Question: How can I assess whether a tissue sample is a good candidate for Single Cell ATAC or Single Cell Multiome ATAC + Gene Expression assays?
Answer: When isolating nuclei from frozen whole tissue, it is not possible to directly assess cell viability prior to nuclei isolation. Therefore understanding the sample’s source, handling, and storage conditions are critical to determining whether it is of sufficient quality for single cell analysis.
The following table outlines the impact of sample/nuclei quality on several aspects of final data quality:
RNA Integrity* | Ambient RNA/low GEX data complexity* | Chromatin structure/ ATAC data quality | |
Is ______ impacted by input sample quality? | Yes - dead/dying cells, RNase activity | Yes - dead/dying cells, RNase activity | Yes - dead/dying cells, prolonged -80°C storage, NETs |
Is ______ impacted by nuclei quality? | No, as long as recommended RNase inhibitor is used | Yes - overlysed nuclei leak transcripts | Yes - overlysed nuclei can have reduced chromatin structure |
Can ______ be screened before an assay? | In principle, RIN score (not validated and no recommended cutoff) | Currently no validated method | Currently no validated method |
* RNA integrity and ambient RNA/low GEX data complexity will only impact the Single Cell Multiome ATAC + Gene Expression assay.
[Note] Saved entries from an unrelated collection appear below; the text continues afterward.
lemma twin_interchangeable:
  assumes "symmetric_on N W" and "a \<in> W" "a' \<in> W" "b \<in> W" and "N a \<inter> W = N a' \<inter> W"
  shows "a \<in> N b \<longleftrightarrow> a' \<in> N b"
  using assms unfolding symmetric_on_def by blast

lemma twin_free_connected_representatives:
  assumes sym: "symmetric_on N W" and conn: "connected_on N W"
  obtains R where "R \<subseteq> W" "connected_on N R" "inj_on (\<lambda>v. N v \<inter> R) R"
    "card R = card ((\<lambda>v. N v \<inter> W) ` W)"
proof -
  define f where "f v = N v \<inter> W" for v
  define r where "r v = inv_into W f (f v)" for v
  define R where "R = r ` W"
  have r: "r v \<in> W" "f (r v) = f v" if "v \<in> W" for v
  proof -
    have "f v \<in> f ` W"
      using that by blast
    then show "r v \<in> W" "f (r v) = f v"
      by (simp_all add: r_def inv_into_into f_inv_into_f)
  qed
  have r_R: "r u = u" if "u \<in> R" for u
    using that r(2) by (auto simp: R_def r_def)
  have "R \<subseteq> W"
    using r by (auto simp: R_def)
  have sym': "a \<in> N b \<longleftrightarrow> b \<in> N a" if "a \<in> W" "b \<in> W" for a b
    using sym that unfolding symmetric_on_def by blast
  have swap: "a \<in> N b \<longleftrightarrow> r a \<in> N b" if "a \<in> W" "b \<in> W" for a b
    using twin_interchangeable[OF sym that(1) r(1)[OF that(1)] that(2)] r(2)[OF that(1)]
    unfolding f_def by simp
  have edge: "(r a, r b) \<in> edges_on N R" if "(a, b) \<in> edges_on N W" for a b
  proof -
    have ab: "a \<in> W" "b \<in> W" "b \<in> N a"
      using that by (auto simp: edges_on_def)
    then have "a \<in> N (r b)"
      using swap[of b a] sym'[of a "r b"] r(1) by blast
    then have "r b \<in> N (r a)"
      using swap[of a "r b"] sym'[of "r a" "r b"] r(1) ab by blast
    with ab show ?thesis
      by (auto simp: edges_on_def R_def)
  qed
  have "connected_on N R"
    unfolding connected_on_def
  proof (intro ballI)
    fix u v assume "u \<in> R" "v \<in> R"
    then have "(u, v) \<in> (edges_on N W)\<^sup>*"
      using conn \<open>R \<subseteq> W\<close> unfolding connected_on_def by blast
    then have "(r u, r v) \<in> (edges_on N R)\<^sup>*"
      by (rule rtrancl_map[where h = r]) (fact edge)
    then show "(u, v) \<in> (edges_on N R)\<^sup>*"
      using r_R \<open>u \<in> R\<close> \<open>v \<in> R\<close> by simp
  qed
  moreover have "inj_on (\<lambda>v. N v \<inter> R) R"
  proof (rule inj_onI)
    fix u v assume "u \<in> R" "v \<in> R" and eq: "N u \<inter> R = N v \<inter> R"
    have "w \<in> N u \<longleftrightarrow> w \<in> N v" if "w \<in> W" for w
    proof -
      have "r w \<in> R"
        using that by (simp add: R_def)
      then have "r w \<in> N u \<longleftrightarrow> r w \<in> N v"
        using eq by blast
      then show ?thesis
        using swap[of w u] swap[of w v] that \<open>u \<in> R\<close> \<open>v \<in> R\<close> \<open>R \<subseteq> W\<close> by blast
    qed
    then have "f u = f v"
      by (auto simp: f_def)
    then show "u = v"
      using r_R \<open>u \<in> R\<close> \<open>v \<in> R\<close> by (metis r_def)
  qed
  moreover have "card R = card (f ` W)"
  proof -
    have "R = inv_into W f ` f ` W"
      by (auto simp: R_def r_def)
    then show ?thesis
      by (simp add: card_image inj_on_inv_into)
  qed
  ultimately show thesis
    using that \<open>R \<subseteq> W\<close> by (simp add: f_def)
qed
It is possible to have high quality GEX data and poor quality ATAC data, or vice versa, and there is not a validated method to assess chromatin structure prior to running an assay. Understanding whether a tissue is of high quality (high expected cell viability, rapid processing from collection to nuclei isolation/snap-freezing, storage in liquid nitrogen, etc.) will best position users to generate high quality data. Tissues of lower or unknown quality have increased risk of poor data quality including reductions in chromatin structure that are not detected before running an assay.